In [6]:
import numpy as np

Why?

One key component with the transformer architecture (making up about 60% of it) is the Multiheaded attention.\
There is nothing magical about it either, it is just attention but chunked into N parts on the embedding dim.

Practically, $Query$, $Key$ and $Value$ are all of shape $(C, E)$ where $C$ is the input dim and $E$ is the embedding dim . \
Meaning... $softmax(\frac {Query . Key^T} {\sqrt {E}} + Mask) . Value$ is of shape $(C, E)$

In the multiheaded scenario... we chunk the $Query$, $Key$ and $Value$ by the number of heads we want (that would be an hyperparameter for the model).

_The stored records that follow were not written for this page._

(* Let $a,b,c,x\in X$ with $a\ge b$, $a\neq b$, $x\ge c$, $x\ne c$. Then: (1) $\tau_{a,b}\,c_{x,\{c\}}\,\tau_{a,b}^{-1}\in K_{\{a,b,c,x\}}$; (2) for any $Y\subset X$ such that the partial conjugation $c_{x,Y}$ is defined, $\tau_{a,b}c_{x,Y}\tau_{a,b}^{-1}$ is a product of elements of $K_{\{a,b,x\}}$ and partial conjugations of the form $c_{z,Y'}$ with $z\in\{a,x\}$ and $Y'\subset Y\cup\{x,a\}$; (3) if $c_x$ denotes conjugation by $x$, then $\tau_{a,b}c_x\tau_{a,b}^{-1}\in K_{\{a,b,x\}}$.
   Context: $\Gamma$ is a finite simplicial graph with vertex set $X$, $A_\Gamma$ its right-angled Artin group ($x,y\in X$ commute iff adjacent). $L=X\cup X^{-1}$; for $u\in L$, $\bar u\in X$ is the vertex with $u\in\{\bar u,\bar u^{-1}\}$. $\mathrm{lk}(v)$ is the set of neighbours of $v$, $\mathrm{st}(v)=\mathrm{lk}(v)\cup\{v\}$. Domination: for $v,w\in X$, $v\ge w$ iff $\mathrm{lk}(w)\subset\mathrm{st}(v)$; for letters $u,u'\in L$, $u\ge u'$ iff $\bar u\ge\bar u'$. For $u,v\in L$ with $u\ge v$, $\bar u\ne\bar v$, the transvection $\tau_{u,v}$ is the automorphism sending $v\mapsto vu$ and fixing all generators other than $\bar v$. For $u\in L$ and $Y$ a union of connected components of $\Gamma-\mathrm{st}(\bar u)$, the partial conjugation $c_{u,Y}$ sends $y\mapsto u^{-1}yu$ for $y\in Y$ and fixes the other generators. For $u\ge v$, $\bar u\neq \bar v$, we write $c_{u,\{v\}}$ for the automorphism sending $v\mapsto u^{-1}vu$ and fixing all other generators (a one-term partial conjugation). For $x,y,c\in L$ with $x,y\ge c$ and $\bar x,\bar y,\bar c$ distinct, $\tau_{[x,y],c}$ is the automorphism sending $c\mapsto c[x,y]$ and fixing all generators other than $\bar c$. For $Z\subset X$, $K_Z\le\mathrm{Aut}\,A_\Gamma$ is the subgroup generated by all $\tau_{[x,y],c}$ and all $c_{x,\{c\}}$ with $x,y,c\in Z$ (pairwise distinct where required) and $x,y\ge c$, together with all inner automorphisms of $A_\Gamma$. *)

theory Defs
  imports "HOL-Algebra.Algebra"
begin

definition simple_graph :: "'v set \<Rightarrow> ('v \<Rightarrow> 'v \<Rightarrow> bool) \<Rightarrow> bool" where
  "simple_graph V Adj \<longleftrightarrow> finite V \<and>
     (\<forall>u v. Adj u v \<longrightarrow> u \<in> V \<and> v \<in> V \<and> u \<noteq> v \<and> Adj v u)"

definition lk :: "('v \<Rightarrow> 'v \<Rightarrow> bool) \<Rightarrow> 'v \<Rightarrow> 'v set" where
  "lk Adj v = {w. Adj v w}"

definition st :: "('v \<Rightarrow> 'v \<Rightarrow> bool) \<Rightarrow> 'v \<Rightarrow> 'v set" where
  "st Adj v = insert v (lk Adj v)"

text \<open>Domination v \<ge> w iff lk(w) \<subseteq> st(v).\<close>
definition dominates :: "('v \<Rightarrow> 'v \<Rightarrow> bool) \<Rightarrow> 'v \<Rightarrow> 'v \<Rightarrow> bool" where
  "dominates Adj v w \<longleftrightarrow> lk Adj w \<subseteq> st Adj v"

i.e. for $N$ heads we have $N$ small $Query$, $Key$ and $Value$, each of shape $(C, E / N)$, for simplicity $N$ should divide $E$.

But how do we merge it back? \
Concatenation. \
Like.. literally... This is yet again non-rigourous ad hoc solution by DL folks. But intuitively, we are still on the wrong space! as $softmax$ do not have such fancy convenient properties.

The other trick is to have yet another intermediary space that would project the ad hoc concatenation into the actual/original expected embedding space.

$$(Head_1 \oplus Head_2 \oplus ... \oplus Head_N) \xrightarrow{} raw concat \xrightarrow{proj} original$$
$$(C, E / N) \oplus (C, E / N) \oplus ... \oplus (C, E / N) \xrightarrow{} (C, E) \xrightarrow{proj} (C, E) $$

$proj$ can be as simple as (yet) another linear transformation that can be learned through training. 

i.e. $$attention = proj(Head_1 \oplus Head_2 \oplus ... \oplus Head_N) $$
with $$Head_i = softmax(\frac {Split(Query) . Split(Key)^T} {\sqrt {E / N}} + Mask) . Split(Value)$$

In [7]:
def softmax(x):
    x_exp = np.exp(x - np.max(x, axis=-1, keepdims=True))
    return x_exp / np.sum(x_exp, axis=-1, keepdims=True)

In [8]:
B, C, E = 3, 11, 8 # batch, context length, embedding dim
q = np.random.rand(B, C, E)
k = np.random.rand(C, E)
v = np.random.rand(C, E)

In [9]:
# classic (no mask for simplicity)
classic_attention = softmax((q @ k.T) / np.sqrt(E)) @ v
classic_attention.shape

(3, 11, 8)

In [11]:
# multiheaded
N = 4
assert E % N == 0

proj = np.random.rand(E, E) # learned at the same time

split_dim = E // N
heads = []

for i in range(N):
    q_head = q[:, :, i * split_dim: (i + 1) * split_dim]    # (B, C, E / N)
    k_head = k[   :, i * split_dim: (i + 1) * split_dim]    # (C, E / N)
    v_head = v[   :, i * split_dim: (i + 1) * split_dim]    # (C, E / N)
    # print(q_head.shape, k_head.T.shape, v_head.shape)

    scores = q_head @ k_head.T / np.sqrt(split_dim)         # (B, C, C)
    attention_weights = softmax(scores)                     # (B, C, C)

    # weighted sum of values
    local_head = attention_weights @ v_head                 # (B, C, E / N)
    heads.append(local_head)

raw_multi_head_output = np.concatenate(heads, axis=-1)      # (B, C, E)
print("concat", raw_multi_head_output.shape)

attention = raw_multi_head_output @ proj                    # (B, C, E) . (E, E) -> (B, C, E)
print("proj(concat) -> attention", raw_multi_head_output.shape)

concat (3, 11, 8)
proj(concat) -> attention (3, 11, 8)